Chapter 6. Asynchronous Serial Communication Interfacing

   


IN THIS CHAPTER

  • The Project Trailblazer Asynchronous Serial Hardware Development Environment

  • Linux Serial Communications

  • Additional Reading

Project Trailblazer was proceeding quite nicely. The four target hardware boards had been booted, with bash running and an Ethernet network connection. The engineers were ready to begin tackling hardware interfacing. They decided to start with the guest authentication and lift access design. The Silverjack board wants Project Trailblazer to replace paper lift access tickets with low-cost radio-frequency identification (RFID) technology. Guests receive RFID tags that permit passage through an access point located at the bottom of each lift. These lift access points also display individual guest-specific messages. An RFID tag reader outputs tag information via an asynchronous serial link. The access point display receives commands via an asynchronous serial link. The tag reader and display will connect to the target board's serial ports.

A guest can proceed through an access point after authentication by looking at signaling lights: A red light means permission to pass is denied, and a green light indicates permission to go. The permission signaling circuit requires a single bit of information. This bit of information, the RFID tag reader and access point display communication can be accomplished through the use of a target board's serial ports.

In this chapter, you'll develop three C programs: one that sets the serial port control signal (setSerialSignal), one that queries the control signal (getSerialSignal), and one that sends and receives asynchronous serial communications (querySerial). Ultimately, within the Project Trailblazer design, bash scripts running on the target boards will call these three programs and will provide system integration to the Silverjack server. (Chapter 12, "System Integration," addresses all system integration development.) This chapter discusses how to develop a simple serial interface for the Project Trailblazer access points callable from bash.
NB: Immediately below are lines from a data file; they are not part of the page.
theorem mainTheorem10:
  fixes X :: "'a set" and L :: "'a \<Rightarrow> 'a \<Rightarrow> real" and mu :: "'a \<Rightarrow> real"
    and i :: nat and act :: "nat \<Rightarrow> 'a option" and play :: "nat \<Rightarrow> 'a"
    and rew :: "nat \<Rightarrow> real" and t :: nat and u v :: 'a
  assumes "lipschitz_mab X L mu"
    and "1 \<le> i"
    and "zooming_phase X L i act play rew"
    and "clean_phase mu i play rew"
    and "t < 2 ^ i"
    and "u \<in> active_at act t" and "v \<in> active_at act t" and "u \<noteq> v"
  shows "L u v > 1/4 * min (Delta X mu u) (Delta X mu v)"
proof -
  note phase = assms(1-4)
  obtain su where su: "su \<le> t" "act su = Some u"
    using assms(6) unfolding active_at_def active_before_def by (auto intro: less_imp_le)
  obtain sv where sv: "sv \<le> t" "act sv = Some v"
    using assms(7) unfolding active_at_def active_before_def by (auto intro: less_imp_le)
  have "L v u = L u v"
    using lipschitz_mabD(6)[OF assms(1)] activated_uncovered(1)[OF assms(3)] su sv assms(5)
    by (meson le_less_trans)
  moreover have "su \<noteq> sv" using su sv assms(8) by auto
  then consider "su < sv" | "sv < su" by linarith
  then have "Delta X mu u < 4 * L u v \<or> Delta X mu v < 4 * L v u"
    using Delta_earlier_arm[OF phase su(2) sv(2)] Delta_earlier_arm[OF phase sv(2) su(2)]
      su(1) sv(1) assms(5) by (cases; fastforce)
  ultimately show ?thesis by linarith
qed

end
The original RS-232 standard, defined by the Electronic Industry Association and the Telecommunications Industry Association (EIA/TIA), in 1962, is a complete standard that specifies electrical, functional, and mechanical characteristics for communications between host and peripheral equipment. RS stands for recommended standard. The characters RS have been officially replaced by the characters EIA/TIA to identify the source of the standard. Nonetheless, people continue to use the term RS-232. In this chapter, RS-232 is synonymous with EIA/TIA-232.

TIP

Dallas Semiconductor's Application Note 83, "Fundamentals of RS-232 Serial Communications"1 fully describes RS-232. This application note covers electrical, functional, and mechanical characteristics, explains implementation and signaling, and describes PC/modem communications and limitations.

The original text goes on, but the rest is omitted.